Improving Spark Write Performance for Massive Files on Object Storage with Tencent Cloud EMR
By parallelizing Spark’s driver‑side commit, trash, and move phases—previously single‑threaded operations that caused costly copy‑on‑rename when writing massive files to object storage—the Tencent Cloud EMR case achieved over a tenfold (1,100 %) speedup, making object storage a viable alternative to HDFS.
With the evolution of big‑data architectures, storage‑compute separation has become a popular way to reduce storage costs and schedule compute resources on demand. Storing data in object storage is cheaper than HDFS, but its write performance for massive files is often much lower.
Tencent Cloud Elastic MapReduce (EMR) provides a managed, elastic Hadoop service that supports Spark, HBase, Presto, Flink, Druid and other big‑data frameworks. A recent customer case used the Spark component of EMR for computation while persisting data in object storage. During performance tuning it was discovered that Spark’s write throughput on object storage was dramatically slower—approximately 29 × slower than writing to HDFS.
To investigate, the Spark data‑output process was dissected. Each task writes its result to a temporary directory ( _temporary/task_[id] ) on the executor. After all tasks finish, the driver performs three sequential phases: commitJob (merging temporary files), trashFiles (moving overwritten data to a recycle bin), and moveFiles (moving the merged files to the final Hive table location).
Profiling showed that the executor time was comparable for both storage back‑ends, while the total job duration was dominated by driver‑side operations. All three driver phases were identified as performance hotspots. The root cause is that each phase iterates over files with a single‑threaded loop, and on object storage a rename operation requires copying the entire file rather than a simple metadata update, further amplifying the delay.
Source‑code analysis revealed:
JobCommit phase: Spark uses Hadoop’s FileOutputCommitter , which in Hadoop 2.x defaults to version 1 algorithm—single‑threaded traversal and merge of task directories.
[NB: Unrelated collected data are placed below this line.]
(* Let $\mathbf{H}\in\mathbb{R}^{n\times m}$ be a random matrix (of arbitrary distribution not depending on $\rho$), $\mathbf{v}\sim\mathcal{N}(\mathbf{0},\rho^{-1}\mathbf{I}_n)$ independent of $\mathbf{H}$, $\mathbf{y}=\mathbf{H}\mathbf{e}+\mathbf{v}$, and let $\tau$ be as defined in the context (a function of $\mathbf{H}$ only). Let $d\in[0,\infty)$. If $\Pr(\tau\le\rho^{-1})\ \dot\le\ \rho^{-d}$, then $\Pr(\hat{\mathbf{s}}_{\mathrm{SDR}}\neq\mathbf{e})\ \dot\le\ \rho^{-d}$.
   Context: $\mathbf{e}$ is the all-ones vector. $\mathcal{X}=\{\mathbf{X}\in\mathbb{S}^{m+1}:\mathrm{diag}(\mathbf{X})=\mathbf{e},\mathbf{X}\succeq\mathbf{0}\}$, $\mathbf{M}=[\mathbf{I}_m\ -\mathbf{e}]$, $\mathcal{H}=\{\mathbf{X}\in\mathbb{S}^{m+1}:\mathrm{Tr}(\mathbf{M}\mathbf{X}\mathbf{M}^T)=1\}$, $\mathbf{L}_0=\mathbf{M}^T\mathbf{H}^T\mathbf{H}\mathbf{M}$, $\tau=\min_{\mathbf{X}\in\mathcal{X}\cap\mathcal{H}}\mathrm{Tr}(\mathbf{L}_0\mathbf{X})$. The SDR estimate: with $\mathbf{L}=\begin{bmatrix}\mathbf{H}^T\mathbf{H}&-\mathbf{H}^T\mathbf{y}\\-\mathbf{y}^T\mathbf{H}&\mathbf{y}^T\mathbf{y}\end{bmatrix}$ and $\mathbf{X}^\star$ an optimal point (fixed selection rule) of $\min_{\mathbf{X}\in\mathcal{X}}\mathrm{Tr}(\mathbf{L}\mathbf{X})$, $[\hat{\mathbf{s}}_{\mathrm{SDR}}]_i=\mathrm{sgn}([\mathbf{X}^\star]_{i,m+1})$ ($\mathrm{sgn}(x)=1$ if $x>0$, $-1$ otherwise). Notation: $f(\rho)\ \dot\le\ \rho^{-d}$ means $\limsup_{\rho\to\infty}\ln f(\rho)/\ln\rho\le -d$. *)

theory Defs
  imports "HOL-Analysis.Analysis" "HOL-Probability.Probability"
begin

text \<open>Matrices of size (m+1) x (m+1) are indexed by the type 'm option:
  index Some i stands for i in {1..m}, index None stands for m+1.
  H :: real^'m^'n is an n x m matrix (rows indexed by 'n).\<close>

type_synonym 'm sqm = "real^('m option)^('m option)"

definition ones :: "real^'k" where "ones = (\<chi> i. 1)"

definition psd :: "real^'k^'k \<Rightarrow> bool" where
  "psd X \<longleftrightarrow> (\<forall>x. x \<bullet> (X *v x) \<ge> 0)"

definition SDPset :: "('m::finite) sqm set" where
  "SDPset = {X. transpose X = X \<and> (\<forall>i. X $ i $ i = 1) \<and> psd X}"

definition Mmat :: "real^('m::finite option)^'m" where
  "Mmat = (\<chi> i j. case j of Some k \<Rightarrow> (if k = i then 1 else 0) | None \<Rightarrow> -1)"

definition Hset :: "('m::finite) sqm set" where
  "Hset = {X. trace (Mmat ** X ** transpose Mmat) = 1}"

definition L0mat :: "real^'m^'n \<Rightarrow> ('m::finite) sqm" where
  "L0mat H = transpose Mmat ** transpose H ** H ** Mmat"

definition tau :: "real^('m::finite)^('n::finite) \<Rightarrow> real" where
  "tau H = Inf ((\<lambda>X. trace (L0mat H ** X)) ` (SDPset \<inter> Hset))"

definition Lmat :: "real^('m::finite)^('n::finite) \<Rightarrow> real^'n \<Rightarrow> 'm sqm" where
  "Lmat H y = (\<chi> i j. case (i, j) of
       (Some a, Some b) \<Rightarrow> (transpose H ** H) $ a $ b
     | (Some a, None) \<Rightarrow> - ((transpose H *v y) $ a)
     | (None, Some b) \<Rightarrow> - ((transpose H *v y) $ b)
     | (None, None) \<Rightarrow> y \<bullet> y)"

definition is_selection_rule :: "('m sqm \<Rightarrow> ('m::finite) sqm) \<Rightarrow> bool" where
  "is_selection_rule sel \<longleftrightarrow>
     (\<forall>L. sel L \<in> SDPset \<and> (\<forall>X\<in>SDPset. trace (L ** sel L) \<le> trace (L ** X)))"

definition sgn1 :: "real \<Rightarrow> real" where
  "sgn1 x = (if x > 0 then 1 else -1)"

definition s_sdr :: "('m sqm \<Rightarrow> ('m::finite) sqm) \<Rightarrow> real^'m^('n::finite) \<Rightarrow> real^'n \<Rightarrow> real^'m" where
  "s_sdr sel H y = (\<chi> i. sgn1 (sel (Lmat H y) $ Some i $ None))"

definition gauss_vec :: "real \<Rightarrow> (real^('n::finite)) measure" where
  "gauss_vec \<rho> = density lborel
     (\<lambda>v. ennreal (\<Prod>i\<in>UNIV. normal_density 0 (sqrt (1 / \<rho>)) (v $ i)))"

definition lnE :: "real \<Rightarrow> ereal" where
  "lnE x = (if x > 0 then ereal (ln x) else -\<infinity>)"

definition exp_le :: "(real \<Rightarrow> real) \<Rightarrow> real \<Rightarrow> bool" where
  "exp_le f d \<longleftrightarrow> Limsup at_top (\<lambda>\<rho>. lnE (f \<rho>) / ereal (ln \<rho>)) \<le> ereal (- d)"

end

theory Submission
  imports Defs "HOL-Real_Asymp.Real_Asymp"
begin

text \<open>
  Let \<open>J\<close> be the all-ones matrix, the lifting of the transmitted vector \<open>e\<close>. If the SDR
  estimate errs, the optimal point \<open>X\<close> has some entry \<open>X\<^sub>i\<^sub>,\<^sub>m\<^sub>+\<^sub>1 \<le> 0\<close>, hence
  \<open>t = Tr(M X M\<^sup>T) = \<Sum>\<^sub>i (2 - 2 X\<^sub>i\<^sub>,\<^sub>m\<^sub>+\<^sub>1) \<ge> 2\<close>. Write \<open>L = G\<^sup>T G\<close> with \<open>G = [H, -y]\<close>;
  the rows of \<open>H M\<close> are the rows of \<open>G\<close> shifted by \<open>v\<^sub>k e\<^sub>m\<^sub>+\<^sub>1\<close>, so the parallelogram law
  and optimality of \<open>X\<close> against \<open>J\<close> give \<open>Tr(L\<^sub>0 X) \<le> 2 Tr(L X) + 2|v|\<^sup>2 \<le> 4|v|\<^sup>2\<close>.
  The mixture \<open>X/t + (1 - 1/t) J\<close> is feasible for \<open>\<tau>\<close> with cost \<open>Tr(L\<^sub>0 X)/t\<close>, so an error
  forces \<open>\<tau> \<le> 2|v|\<^sup>2\<close>. Hence \<open>P(error) \<le> P(\<tau> \<le> s) + P(2|v|\<^sup>2 > s)\<close>, where a Chernoff bound
  gives \<open>P(2|v|\<^sup>2 > s) \<le> 2\<^sup>n\<^sup>/\<^sup>2 exp(-\<rho> s/8)\<close>; choosing \<open>s = \<rho>\<^sup>\<epsilon>\<^sup>-\<^sup>1\<close> and letting \<open>\<epsilon> \<rightarrow> 0\<close>
  transfers the exponent \<open>d\<close>.
\<close>

definition quad_form :: "real^'n^'n \<Rightarrow> real^'n \<Rightarrow> real" where
  "quad_form X x = x \<bullet> (X *v x)"

lemma quad_form_eq_sum: "quad_form X x = (\<Sum>i\<in>UNIV. \<Sum>j\<in>UNIV. x$i * X$i$j * x$j)"
  by (simp add: quad_form_def inner_vec_def matrix_vector_mult_def sum_distrib_left mult.assoc)

lemma quad_form_nonneg: "psd X \<Longrightarrow> 0 \<le> quad_form X x"
  by (simp add: psd_def quad_form_def)

lemma quad_form_add_diff:
  "quad_form X (a + b) + quad_form X (a - b) = 2 * quad_form X a + 2 * quad_form X b"
  by (simp add: quad_form_def matrix_vector_right_distrib matrix_vector_mult_diff_distrib
      inner_add_left inner_add_right inner_diff_left inner_diff_right)

lemma quad_form_scaleR_add_scaleR:
  "quad_form (c *\<^sub>R X + d *\<^sub>R Y) x = c * quad_form X x + d * quad_form Y x"
  by (simp add: quad_form_eq_sum algebra_simps sum.distrib sum_distrib_left)

lemma matrix_vector_mult_axis_nth: "(X *v axis j t) $ i = X$i$j * (t::real)"
  by (simp add: matrix_vector_mult_def axis_def if_distrib cong: if_cong)

lemma quad_form_axis: "quad_form X (axis i s) = s * s * X$i$i"
  by (simp add: quad_form_def inner_axis' matrix_vector_mult_axis_nth)

lemma quad_form_axis_add_axis:
  "quad_form X (axis i s + axis j t) = s * s * X$i$i + s * t * X$i$j + t * s * X$j$i + t * t * X$j$j"
  by (simp add: quad_form_def inner_axis' matrix_vector_mult_axis_nth algebra_simps)

lemma trace_mult_transpose_eq_sum_quad_form:
  fixes P :: "real^'n^'k"
  shows "trace (P ** X ** transpose P) = (\<Sum>k\<in>UNIV. quad_form X (P$k))"
proof -
  have "trace (P ** X ** transpose P) = (\<Sum>k\<in>UNIV. \<Sum>j\<in>UNIV. \<Sum>i\<in>UNIV. P$k$i * X$i$j * P$k$j)"
    by (simp add: trace_def matrix_matrix_mult_def transpose_def sum_distrib_right)
  also have "\<dots> = (\<Sum>k\<in>UNIV. \<Sum>i\<in>UNIV. \<Sum>j\<in>UNIV. P$k$i * X$i$j * P$k$j)"
    by (rule sum.cong[OF refl sum.swap])
  finally show ?thesis
    by (simp add: quad_form_eq_sum)
qed

lemma trace_transpose_mult_eq_sum_quad_form:
  fixes P :: "real^'n^'k"
  shows "trace (transpose P ** P ** X) = (\<Sum>k\<in>UNIV. quad_form X (P$k))"
proof -
  have "trace (transpose P ** P ** X) = trace (transpose P ** (P ** X))"
    by (simp add: matrix_mul_assoc)
  also have "\<dots> = trace (P ** X ** transpose P)"
    by (rule trace_mul_sym)
  finally show ?thesis
    by (simp add: trace_mult_transpose_eq_sum_quad_form)
qed

definition ones_mat :: "real^'n^'n" where
  "ones_mat = (\<chi> i j. 1)"

lemma quad_form_ones_mat: "quad_form ones_mat x = (\<Sum>i\<in>UNIV. x$i)\<^sup>2"
  by (simp add: quad_form_eq_sum ones_mat_def power2_eq_square sum_product)

lemma ones_mat_in_SDPset: "ones_mat \<in> SDPset"
proof -
  have "psd ones_mat"
    unfolding psd_def by (metis quad_form_def quad_form_ones_mat zero_le_power2)
  then show ?thesis by (simp add: SDPset_def ones_mat_def transpose_def vec_eq_iff)
qed

lemma SDPset_sym: "X \<in> SDPset \<Longrightarrow> X$i$j = X$j$i"
  unfolding SDPset_def by (metis (mono_tags, lifting) mem_Collect_eq transpose_def vec_lambda_beta)

lemma SDPset_entry_le_1:
  assumes "X \<in> SDPset"
  shows "X$i$j \<le> 1"
proof (cases "i = j")
  case False
  have "0 \<le> quad_form X (axis i 1 + axis j (-1))"
    using assms by (intro quad_form_nonneg) (simp add: SDPset_def)
  then show ?thesis using assms SDPset_sym[OF assms, of i j] by (simp add: quad_form_axis_add_axis SDPset_def)
qed (use assms in \<open>simp add: SDPset_def\<close>)

lemma convex_SDPset: "convex SDPset"
proof (rule convexI)
  fix X Y :: "'m::finite sqm" and u v :: real
  assume X: "X \<in> SDPset" and Y: "Y \<in> SDPset" and uv: "0 \<le> u" "0 \<le> v" "u + v = 1"
  have "transpose (u *\<^sub>R X + v *\<^sub>R Y) = u *\<^sub>R X + v *\<^sub>R Y"
    unfolding vec_eq_iff
  proof (intro allI)
    show "transpose (u *\<^sub>R X + v *\<^sub>R Y) $ i $ j = (u *\<^sub>R X + v *\<^sub>R Y) $ i $ j" for i j
      by (simp add: transpose_def SDPset_sym[OF X, of i j] SDPset_sym[OF Y, of i j])
  qed
  moreover have "(u *\<^sub>R X + v *\<^sub>R Y) $ i $ i = 1" for i
    using X Y uv by (simp add: SDPset_def)
  moreover have "0 \<le> quad_form (u *\<^sub>R X + v *\<^sub>R Y) x" for x
  proof -
    have "0 \<le> quad_form X x" "0 \<le> quad_form Y x"
      using X Y by (simp_all add: SDPset_def quad_form_nonneg)
    then show ?thesis
      using uv by (simp add: quad_form_scaleR_add_scaleR)
  qed
  ultimately show "u *\<^sub>R X + v *\<^sub>R Y \<in> SDPset"
    by (simp add: SDPset_def psd_def quad_form_def)
qed

definition aug_matrix :: "real^'m^'n \<Rightarrow> real^'n \<Rightarrow> real^('m option)^'n" where
  "aug_matrix H y = (\<chi> k j. case j of Some a \<Rightarrow> H$k$a | None \<Rightarrow> - y$k)"

lemma sum_UNIV_option: "(\<Sum>i\<in>(UNIV :: 'a::finite option set). f i) = f None + (\<Sum>a\<in>UNIV. f (Some a))"
proof -
  have "sum f UNIV = sum f (insert None (range Some))"
    by (simp flip: UNIV_option_conv)
  then show ?thesis by (simp add: sum.reindex)
qed

lemma Lmat_eq: "Lmat H y = transpose (aug_matrix H y) ** aug_matrix H y"
  unfolding vec_eq_iff
proof (intro allI)
  show "Lmat H y $ i $ j = (transpose (aug_matrix H y) ** aug_matrix H y) $ i $ j" for i j
    by (cases i; cases j) (simp_all add: Lmat_def aug_matrix_def matrix_matrix_mult_def
        transpose_def matrix_vector_mult_def inner_vec_def sum_negf mult.commute)
qed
TrashFiles phase: Files are moved to a trash directory sequentially, which becomes a bottleneck when many files need to be overwritten.
MoveFiles phase: Similar single‑threaded file moves are performed, suffering the same latency on object storage.
To mitigate these issues, the three phases were refactored to employ multithreaded, parallel file handling. Benchmark tests using SparkSQL to write 5,000 files to both HDFS and object storage showed substantial gains: HDFS write performance increased by 41 % and object‑storage write performance surged by 1,100 % (over tenfold).
The study demonstrates that single‑threaded file‑processing logic is a common bottleneck in storage‑compute separation scenarios. Parallelizing commit, trash, and move operations can dramatically improve write performance, making object storage a more viable option for massive‑file workloads.